Our environment correspondent, PAUL LUSHION, reports on how the council, despite declaring a climate emergency, is now planning to destroy open spaces and rare wildlife habitats
The council’s voracious appetite for concreting over the borough’s precious green spaces has seen it include a piece of rare chalk grassland in Purley, among the latest set of sites being brought forward by Brick by Brick.
And the council’s blundering, loss-making house-builders also want to build more blocks of flats right next to a butterfly sanctuary in New Addington which provides habitat for some of the country’s most cherished species.
In Purley, worried residents have drawn up a petition which has already attracted nearly 1,000 signatures opposing the Brick by Brick plans for the green open space at Wontford Road.
Brick by Brick – and the council – are still pushing on relentlessly with their second wave of developments, involving two dozen schemes around the borough for 374 new homes, despite the covid-19 lockdown and the council’s wholly-owned developers inability to conduct any meaningful consultations.
Public resentment is brewing, with no opportunity to meet or protest against the plans. Online consultations that have been staged by Brick by Brick during the lockdown have been roundly criticised as unsatisfactory.
The destruction of green spaces, play areas and kids’ playgrounds belie previous promises made by Alison Butler, the cabinet member for housing, and the Labour-run council that they would seek to protect and cherish the borough’s open spaces.
The development plans for someof the sites also run counter to the ecological emergency declaration made by the council leader, Tony Newman, less than a year ago.
Purley resident Nicola Vincent put together the Wontford Road petition.
She said, “Croydon Council’s ‘Habitat Action Plan’ states that their aim is to conserve, protect and restore Croydon’s chalk grasslands.
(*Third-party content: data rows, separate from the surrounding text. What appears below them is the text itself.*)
(* Let $N\geq 2$ and let $p(\theta)=a_0+\sum_{k=1}^{N}(a_k\cos k\theta+b_k\sin k\theta)$ be a real trigonometric polynomial of degree $N$ (so $a_N\neq 0$ or $b_N\neq 0$). Let $\gamma(\theta)=\big(p(\theta)\cos\theta-p'(\theta)\sin\theta,\ p(\theta)\sin\theta+p'(\theta)\cos\theta\big)$ for $\theta\in\,]-\pi,\pi[$, let $\mathcal{C}$ be the curve it describes, and let $\mathcal{P}(t)=\gamma(2\arctan t)$, $t\in\mathbb{R}$. Let $q$ be the number of times $\gamma$ traces $\mathcal{C}$, i.e. the positive integer such that for all but finitely many $t\in\mathbb{R}$ the set $\{s\in\mathbb{R}:\mathcal{P}(s)=\mathcal{P}(t)\}$ has exactly $q$ elements. (i) If some coefficient of even index is nonzero, i.e. $a_{2k}\neq 0$ for some integer $k$ with $0\le 2k\le N$, or $b_{2k}\neq 0$ for some integer $k$ with $2\le 2k\le N$, then $q=1$. (ii) If $a_{2k}=0$ and $b_{2k}=0$ for all integers $k$ with $0\leq 2k\leq N$ (with $b_0:=0$), then $q=2$.
   Context: The map $\theta\mapsto\tan(\theta/2)$ is a bijection $]-\pi,\pi[\to\mathbb{R}$, so $\mathcal{P}$ is a rational parametrization of $\mathcal{C}$. *)

theory Defs
  imports "HOL-Analysis.Analysis"
begin

definition trig_poly :: "(nat \<Rightarrow> real) \<Rightarrow> (nat \<Rightarrow> real) \<Rightarrow> nat \<Rightarrow> real \<Rightarrow> real" where
  "trig_poly a b N \<theta> = a 0 + (\<Sum>k=1..N. a k * cos (real k * \<theta>) + b k * sin (real k * \<theta>))"

definition gamma_curve :: "(real \<Rightarrow> real) \<Rightarrow> real \<Rightarrow> real \<times> real" where
  "gamma_curve p \<theta> =
     (p \<theta> * cos \<theta> - deriv p \<theta> * sin \<theta>, p \<theta> * sin \<theta> + deriv p \<theta> * cos \<theta>)"

definition ratpar :: "(real \<Rightarrow> real) \<Rightarrow> real \<Rightarrow> real \<times> real" where
  "ratpar p t = gamma_curve p (2 * arctan t)"

end

theory Submission
  imports Defs "HOL-Computational_Algebra.Polynomial"
begin
(* Let $K$ be a non-Archimedean local field with normalized absolute value $|\cdot|_K$, let $q$ be the cardinality of its residue field, and let $\alpha>0$. Put $d_\alpha=\dfrac{1-q^\alpha}{1-q^{-\alpha-1}}$. Let $u$ be a complex-valued function defined on the set of values $\{q^k: k\in\mathbb Z\}$ of $|\cdot|_K$ on $K\setminus\{0\}$, and suppose that for some $m\in\mathbb Z$ $$\sum_{k=-\infty}^m q^k|u(q^k)|<\infty,\qquad \sum_{l=m}^\infty q^{-\alpha l}|u(q^l)|<\infty .$$ Then for each $n\in\mathbb Z$ and each $x\in K$ with $|x|_K=q^n$, the integral $$(D^\alpha u)(x)=d_\alpha\int_K |y|_K^{-\alpha-1}\big[u(|x-y|_K)-u(|x|_K)\big]\,dy$$ exists, depends only on $|x|_K$, and $$(D^\alpha u)(q^n)=d_\alpha\Big(1-\frac1q\Big)q^{-(\alpha+1)n}\sum_{k=-\infty}^{n-1}q^k u(q^k)+q^{-\alpha n-1}\frac{q^\alpha+q-2}{1-q^{-\alpha-1}}\,u(q^n)+d_\alpha\Big(1-\frac1q\Big)\sum_{l=n+1}^\infty q^{-\alpha l}u(q^l).$$
   Context: $K$ is a non-discrete totally disconnected locally compact field. Its absolute value is normalized: if $\beta$ generates the maximal ideal $P=\{|x|_K<1\}$ of $O=\{|x|_K\le 1\}$ and $q=|O/P|$, then $|\beta|_K=q^{-1}$, so $|\cdot|_K$ takes the values $q^N$, $N\in\mathbb Z$, on $K\setminus\{0\}$. $dx$ denotes the additive Haar measure on $K$ normalized so that $O$ has measure $1$. A function $x\mapsto u(|x|_K)$ is called radial. *)

theory Defs
  imports "HOL-Analysis.Analysis" "HOL-Probability.Probability"
begin

text \<open>A non-Archimedean local field K (non-discrete, totally disconnected, locally compact)
  is modelled as a field type 'a carrying a non-Archimedean absolute value av
  which is discrete, normalized (values q^N, N integer, with some beta of value 1/q,
  q the cardinality of the residue field O/P), non-trivial, with finite residue
  field and complete.\<close>

definition int_ring :: "('a::field \<Rightarrow> real) \<Rightarrow> 'a set" where
  "int_ring av = {x. av x \<le> 1}"

definition residue_classes :: "('a::field \<Rightarrow> real) \<Rightarrow> 'a set set" where
  "residue_classes av = (\<lambda>x. {y \<in> int_ring av. av (x - y) < 1}) ` int_ring av"

definition av_complete :: "('a::field \<Rightarrow> real) \<Rightarrow> bool" where
  "av_complete av \<longleftrightarrow>
     (\<forall>s::nat \<Rightarrow> 'a. (\<forall>e>0. \<exists>N. \<forall>m\<ge>N. \<forall>n\<ge>N. av (s m - s n) < e) \<longrightarrow>
        (\<exists>L. \<forall>e>0. \<exists>N. \<forall>n\<ge>N. av (s n - L) < e))"

definition nonarch_local_field :: "('a::field \<Rightarrow> real) \<Rightarrow> nat \<Rightarrow> bool" where
  "nonarch_local_field av q \<longleftrightarrow>
     (\<forall>x. 0 \<le> av x) \<and> (\<forall>x. av x = 0 \<longleftrightarrow> x = 0) \<and>
     (\<forall>x y. av (x * y) = av x * av y) \<and>
     (\<forall>x y. av (x + y) \<le> max (av x) (av y)) \<and>
     2 \<le> q \<and> finite (residue_classes av) \<and> card (residue_classes av) = q \<and>
     (\<forall>x. x \<noteq> 0 \<longrightarrow> (\<exists>N::int. av x = real q powi N)) \<and>
     (\<exists>\<beta>. av \<beta> = 1 / real q) \<and>
     av_complete av"

definition closed_balls :: "('a::field \<Rightarrow> real) \<Rightarrow> 'a set set" where
  "closed_balls av = {{y. av (y - a) \<le> r} | a r. True}"

definition haar_measure :: "('a::field \<Rightarrow> real) \<Rightarrow> 'a measure \<Rightarrow> bool" where
  "haar_measure av M \<longleftrightarrow>
     space M = UNIV \<and> sets M = sigma_sets UNIV (closed_balls av) \<and>
     (\<forall>A\<in>sets M. \<forall>a. emeasure M ((\<lambda>x. a + x) ` A) = emeasure M A) \<and>
     emeasure M (int_ring av) = 1"

end

theory Submission
  imports Defs "HOL-Library.Nat_Bijection"
begin

text \<open>
  Let \<open>|x| = q^n\<close>. Every \<open>y \<noteq> x\<close> lies on exactly one sphere
  \<open>S_j = {y. |x - y| = q^j}\<close> around \<open>x\<close>, and by the ultrametric inequality the
  integrand is constant on each of them: for \<open>j < n\<close> one has \<open>|y| = q^n\<close>, for
  \<open>j > n\<close> one has \<open>|y| = q^j\<close>, and on \<open>S_n\<close> the integrand vanishes because
  \<open>|x - y| = |x|\<close>. A ball of radius \<open>q^k\<close> is the disjoint union of \<open>q\<close> translates
  of a ball of radius \<open>q^(k-1)\<close> (the residue classes of \<open>O\<close>, rescaled), so translation
  invariance and \<open>\<mu>(O) = 1\<close> give \<open>\<mu>(S_j) = q^j (1 - 1/q)\<close>. The integral is therefore
  a series over the spheres; the terms involving \<open>u(q^n)\<close> form two geometric series whose
  sum, multiplied by \<open>d_\<alpha>\<close>, is the middle coefficient of the formula.
\<close>

lemma power_int_less_iff_exp:
  fixes a :: "'a::linordered_field"
  assumes "1 < a"
  shows "a powi m < a powi n \<longleftrightarrow> m < n"
  using assms power_int_strict_increasing[of m n a] power_int_increasing[of n m a]
  by (cases "m < n") auto

lemma power_int_le_iff_exp:
  fixes a :: "'a::linordered_field"
  assumes "1 < a"
  shows "a powi m \<le> a powi n \<longleftrightarrow> m \<le> n"
  using power_int_less_iff_exp[OF assms, of n m] by linarith

lemma has_sum_power_int_atLeast:
  fixes t :: real
  assumes "0 < t" "t < 1"
  shows "((\<lambda>j::int. t powi j) has_sum (t powi a / (1 - t))) {a..}"
proof -
  have "(\<lambda>i. t powi a * t ^ i) sums (t powi a * (1 / (1 - t)))"
    using assms by (intro sums_mult geometric_sums) simp
  then have "((\<lambda>i. t powi a * t ^ i) has_sum (t powi a / (1 - t))) UNIV"
    using assms by (intro sums_nonneg_imp_has_sum_strong) (simp_all add: always_eventually)
  also have "?this \<longleftrightarrow> ?thesis"
  proof (intro has_sum_reindex_bij_witness[of UNIV "\<lambda>j. nat (j - a)" "\<lambda>i. a + int i"])
    fix i :: nat
    show "t powi (a + int i) = t powi a * t ^ i"
      using assms by (simp add: power_int_add)
  qed auto
  finally show ?thesis .
qed

lemma has_sum_power_int_atMost:
  fixes t :: real
  assumes "1 < t"
  shows "((\<lambda>j::int. t powi j) has_sum (t powi n / (t - 1))) {..n - 1}"
proof -
  have "((\<lambda>j::int. (1 / t) powi j) has_sum ((1 / t) powi (1 - n) / (1 - 1 / t))) {1 - n..}"
    using assms by (intro has_sum_power_int_atLeast) simp_all
  also have "(1 / t) powi (1 - n) / (1 - 1 / t) = t powi n / (t - 1)"
    using assms by (simp add: power_int_one_over power_int_diff field_simps)
  also have "((\<lambda>j. (1 / t) powi j) has_sum t powi n / (t - 1)) {1 - n..} \<longleftrightarrow> ?thesis"
    by (intro has_sum_reindex_bij_witness[of "{1 - n..}" uminus uminus])
       (auto simp: power_int_one_over power_int_minus inverse_eq_divide)
  finally show ?thesis .
qed

lemma has_sum_powr_atLeast:
  fixes t \<alpha> :: real
  assumes "1 < t" "0 < \<alpha>"
  shows "((\<lambda>j::int. t powr (- \<alpha> * j)) has_sum (t powr (- \<alpha> * a) / (1 - t powr (- \<alpha>)))) {a..}"
proof -
  have "t powr (- \<alpha> * j) = (t powr (- \<alpha>)) powi j" for j :: int
    using assms by (simp add: powr_real_of_int'[symmetric] powr_powr)
  moreover have "((\<lambda>j::int. (t powr (- \<alpha>)) powi j) has_sum ((t powr (- \<alpha>)) powi a / (1 - t powr (- \<alpha>)))) {a..}"
    using assms by (intro has_sum_power_int_atLeast) (simp_all add: powr_less_one)
  ultimately show ?thesis
    by simp
qed

lemma summable_on_atMost_int_shift:
  fixes f :: "int \<Rightarrow> 'b::banach"
  assumes "f summable_on {..m}"
  shows "f summable_on {..n}"
proof -
  have "f summable_on ({..m} \<union> {m<..n})"
    using assms by (intro summable_on_Un_disjoint) auto
  then show ?thesis by (rule summable_on_subset_banach) auto
qed

lemma summable_on_atLeast_int_shift:
  fixes f :: "int \<Rightarrow> 'b::banach"
  assumes "f summable_on {m..}"
  shows "f summable_on {n..}"
proof -
  have "f summable_on ({m..} \<union> {n..<m})"
    using assms by (intro summable_on_Un_disjoint) auto
  then show ?thesis by (rule summable_on_subset_banach) auto
qed

lemma has_sum_weighted_difference:
  fixes b :: "'i \<Rightarrow> real" and v w :: "'i \<Rightarrow> complex"
  assumes summable: "(\<lambda>j. b j * norm (v j)) summable_on A"
    and weights: "(b has_sum s) A"
    and nonneg: "\<And>j. j \<in> A \<Longrightarrow> 0 \<le> b j" "0 \<le> K"
    and w: "\<And>j. j \<in> A \<Longrightarrow> w j = of_real K * (of_real (b j) * (v j - z))"
  shows "(w has_sum of_real K * ((\<Sum>\<^sub>\<infinity>j\<in>A. of_real (b j) * v j) - of_real s * z)) A"
    and "(\<lambda>j. norm (w j)) summable_on A"
proof -
  have "(\<lambda>j. norm (of_real (b j) * v j)) summable_on A"
    by (rule summable_on_cong[THEN iffD2, OF _ summable]) (simp add: norm_mult nonneg)
  then have main: "((\<lambda>j. of_real (b j) * v j) has_sum (\<Sum>\<^sub>\<infinity>j\<in>A. of_real (b j) * v j)) A"
    by (rule has_sum_infsum[OF abs_summable_summable])
  have const: "((\<lambda>j. of_real (b j) * z) has_sum (of_real s * z)) A"
    by (rule has_sum_cmult_left[OF has_sum_of_real[OF weights]])
  have "((\<lambda>j. of_real (b j) * (v j - z)) has_sum ((\<Sum>\<^sub>\<infinity>j\<in>A. of_real (b j) * v j) - of_real s * z)) A"
    using has_sum_add[OF main has_sum_uminusI[OF const]]
    by (simp only: right_diff_distrib diff_conv_add_uminus[symmetric])
  then show "(w has_sum of_real K * ((\<Sum>\<^sub>\<infinity>j\<in>A. of_real (b j) * v j) - of_real s * z)) A"
    by (subst has_sum_cong[where g = "\<lambda>j. of_real K * (of_real (b j) * (v j - z))"])
       (simp_all add: w has_sum_cmult_right)
  have "(\<lambda>j. K * (b j * norm (v j) + norm z * b j)) summable_on A"
    by (intro summable_on_cmult_right summable_on_add[OF summable]
        summable_on_cmult_right[OF has_sum_imp_summable[OF weights]])
  then show "(\<lambda>j. norm (w j)) summable_on A"
  proof (rule summable_on_comparison_test)
    fix j assume j: "j \<in> A"
    have "norm (w j) = K * (b j * norm (v j - z))"
      using j nonneg by (simp add: w norm_mult)
    also have "\<dots> \<le> K * (b j * (norm (v j) + norm z))"
      using nonneg j by (intro mult_left_mono norm_triangle_ineq4) simp_all
    also have "\<dots> = K * (b j * norm (v j) + norm z * b j)"
      by (simp add: distrib_left mult.commute)
    finally show "norm (w j) \<le> K * (b j * norm (v j) + norm z * b j)" .
  qed simp
qed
Yet there are plans to build new homes on Wontford Road Green which is just that: chalk grassland.
“In their ‘Habitat Action Plan’, the council states that meadow and other species-rich grasslands now cover less than 1 per cent of the UK. They state they are an important home for pollinators, and also help to prevent floods and store carbon.”
According to Vincent, when the council’s grounds maintenance teams do the right thing and allow the grass to grow, the Green is home to a wide variety of flora and fauna, including ox-eye daisies, field scabious, hoary plantain, yarrow, red clover, bird’s foot trefoil, bladder campion, wild basil, lesser knapweed, common dog violet and swathes of meadow buttercups, while protected species of bats (which feed on the rich supply of insects in the grassland), badgers and slow worms have also been seen there.
“We also have roe deer and tawny owls that you can hear at night,” Vincent said. “There have been sightings of the Jersey tiger moth, which is nationally scarce, and the chalk hill blue butterfly, a flagship species in the ‘Habitat Action Plan’.”
And she adds: “The plans to build are not only a threat to the natural environment but will also have a negative impact on the local community. The proposed plans of nine houses and a four-storey block of flats are totally out of keeping with the area.”
Locals have even done what the council, and Butler, asked them to do by nominating the Green as a ‘Local Green Space’, which was supposed to be protected by the council.
“Very soon after our application, Brick by Brick delivered leaflets informing the neighbourhood that they had plans to build on it. The reviews for our nomination as a ‘Local Green Space’ won’t occur until 2021.
“Our voice is being totally ignored.
“This green is a natural beauty spot, it’s astonishing it should even be considered for development.”